WHAT YOU HAVE TO DO:
Of the records below, reproduce only the span that opens with the line containing "blackwell_monotone mu (\<lambda>x." and closes with the last line.

ENTRIES SHOWN:
(* Let there be two states and let $\mu\in(0,1)$. Suppose the updating rule respects the Blackwell order for $\mu$, and $\varphi=\varphi^{\mu}$ has a contractive error at some $x'\in(\mu,1]$ but produces no expansive error. Then there exists $x^*\in[\mu,x')$ such that $\varphi(x)=x^*$ for all $x\in[x^*,1)$; moreover $\varphi(x)=x$ for all $x\in[\mu,x^*]$ and $\varphi(1)\ge x^*$.
   Context: Two states $\Theta=\{0,1\}$; a belief is identified with the probability of state $1$, so the belief space is $\Delta=[0,1]$, and the prior $\mu\in(0,1)$. An experiment $\pi:\Theta\to\Delta(S)$ ($S$ finite) with prior $\mu$ induces the Bayesian distribution over posteriors $\rho_B$, a finitely supported distribution on $[0,1]$ with mean $\mu$ (every such distribution arises from some experiment). Blackwell order: $\pi\succeq\pi'$ iff $\rho_B'$ is a mean-preserving contraction of $\rho_B$. An updating rule is given, for each prior $\mu$, by a distortion function $\varphi^{\mu}:[0,1]\to[0,1]$: when the Bayesian posterior is $x$, the decision maker holds belief $\varphi^{\mu}(x)$. For a compact action set $A$, continuous $u:A\times\Theta\to\mathbb{R}$, and consistent choice $a^*:[0,1]\to A$ (i.e. $a^*(y)\in\arg\max_{a}\mathbb{E}_y u(a,\theta)$ for all $y$), let $W(x)=\mathbb{E}_x u(a^*(\varphi^{\mu}(x)),\theta)$. The rule respects the Blackwell order for $\mu$ if for all such $A,u,a^*$ and all $\pi\succeq\pi'$, $\mathbb{E}_{\rho_B}W\ge\mathbb{E}_{\rho_B'}W$. $\varphi$ has an expansive error at $x$ if $\varphi(x)$ is not on the closed segment between $x$ and $\mu$, and a contractive error at $x$ if $\varphi(x)$ is on that segment and $\varphi(x)\ne x$. *)

theory Defs
  imports "HOL-Analysis.Analysis" "HOL-Probability.Probability"
begin

text \<open>Two states 0 and 1; a belief is the probability of state 1.
  Expected utility of action a at belief y: (1 - y) * u a 0 + y * u a 1.\<close>

definition exp_util :: "(real \<Rightarrow> nat \<Rightarrow> real) \<Rightarrow> real \<Rightarrow> real \<Rightarrow> real" where
  "exp_util u y a = (1 - y) * u a 0 + y * u a 1"

text \<open>Bayesian distribution over posteriors for prior mu: finitely supported
  distribution on [0,1] with mean mu (every such one arises from an experiment).\<close>

definition bayes_dist :: "real \<Rightarrow> real pmf \<Rightarrow> bool" where
  "bayes_dist mu \<rho> \<longleftrightarrow> finite (set_pmf \<rho>) \<and> set_pmf \<rho> \<subseteq> {0..1}
      \<and> measure_pmf.expectation \<rho> (\<lambda>x. x) = mu"

definition mpc :: "real pmf \<Rightarrow> real pmf \<Rightarrow> bool" where
  "mpc \<rho>' \<rho> \<longleftrightarrow> (\<exists>K :: real \<Rightarrow> real pmf.
      (\<forall>y\<in>set_pmf \<rho>'. measure_pmf.expectation (K y) (\<lambda>x. x) = y)
      \<and> \<rho> = bind_pmf \<rho>' K)"

definition consistent_choice :: "real set \<Rightarrow> (real \<Rightarrow> nat \<Rightarrow> real) \<Rightarrow> (real \<Rightarrow> real) \<Rightarrow> bool" where
  "consistent_choice A u astar \<longleftrightarrow>
     (\<forall>y\<in>{0..1}. astar y \<in> A \<and> (\<forall>a\<in>A. exp_util u y a \<le> exp_util u y (astar y)))"

definition respects_blackwell :: "real \<Rightarrow> (real \<Rightarrow> real) \<Rightarrow> bool" where
  "respects_blackwell mu \<phi> \<longleftrightarrow>
     (\<forall>(A :: real set) (u :: real \<Rightarrow> nat \<Rightarrow> real) (astar :: real \<Rightarrow> real).
        compact A \<and> continuous_on A (\<lambda>a. u a 0) \<and> continuous_on A (\<lambda>a. u a 1)
        \<and> consistent_choice A u astar \<longrightarrow>
        (\<forall>\<rho> \<rho>'. bayes_dist mu \<rho> \<and> bayes_dist mu \<rho>' \<and> mpc \<rho>' \<rho> \<longrightarrow>
           measure_pmf.expectation \<rho> (\<lambda>x. exp_util u x (astar (\<phi> x)))
           \<ge> measure_pmf.expectation \<rho>' (\<lambda>x. exp_util u x (astar (\<phi> x)))))"

definition expansive_error :: "real \<Rightarrow> (real \<Rightarrow> real) \<Rightarrow> real \<Rightarrow> bool" where
  "expansive_error mu \<phi> x \<longleftrightarrow> \<phi> x \<notin> closed_segment x mu"

definition contractive_error :: "real \<Rightarrow> (real \<Rightarrow> real) \<Rightarrow> real \<Rightarrow> bool" where
  "contractive_error mu \<phi> x \<longleftrightarrow> \<phi> x \<in> closed_segment x mu \<and> \<phi> x \<noteq> x"

end

theory Submission
  imports Defs
begin

(* Respecting the Blackwell order makes the decision maker's value function convex on [0, 1],
  since a two-point mean-preserving spread of a single posterior is a Blackwell improvement.
  For the bet "pay t, win 1 in state 1", which the decision maker takes iff his belief exceeds t,
  the value function is x - t where the bet is taken and 0 elsewhere. Convexity, together with
  the value 0 at t, forces that for every t \<ge> 0 either all Bayesian posteriors in (t, 1) lead to
  a belief above t or none does, and in the first case so does the posterior 1. Given a
  contractive error phi c < c with mu < c < 1 and no expansive errors, taking t just above or
  just below phi c shows that phi is the identity on [mu, phi c] and constantly phi c on
  [phi c, 1). *)

definition blackwell_monotone :: "real \<Rightarrow> (real \<Rightarrow> real) \<Rightarrow> bool" where
  "blackwell_monotone mu f \<longleftrightarrow>
     (\<forall>\<rho> \<rho>'. bayes_dist mu \<rho> \<and> bayes_dist mu \<rho>' \<and> mpc \<rho>' \<rho> \<longrightarrow>
        measure_pmf.expectation \<rho>' f \<le> measure_pmf.expectation \<rho> f)"

lemma respects_blackwell_iff_blackwell_monotone:
  "respects_blackwell mu \<phi> \<longleftrightarrow>
     (\<forall>A u astar. compact A \<and> continuous_on A (\<lambda>a. u a 0) \<and> continuous_on A (\<lambda>a. u a 1)
        \<and> consistent_choice A u astar \<longrightarrow>
        blackwell_monotone mu (\<lambda>x. exp_util u x (astar (\<phi> x))))"
  unfolding respects_blackwell_def blackwell_monotone_def by blast

lemma not_expansive_error_iff:
  "\<not> expansive_error mu \<phi> x \<longleftrightarrow> min x mu \<le> \<phi> x \<and> \<phi> x \<le> max x mu"
  by (auto simp: expansive_error_def closed_segment_eq_real_ivl)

SOLUTION FOR THIS TASK:
        blackwell_monotone mu (\<lambda>x. exp_util u x (astar (\<phi> x))))"
  unfolding respects_blackwell_def blackwell_monotone_def by blast

lemma not_expansive_error_iff:
  "\<not> expansive_error mu \<phi> x \<longleftrightarrow> min x mu \<le> \<phi> x \<and> \<phi> x \<le> max x mu"
  by (auto simp: expansive_error_def closed_segment_eq_real_ivl)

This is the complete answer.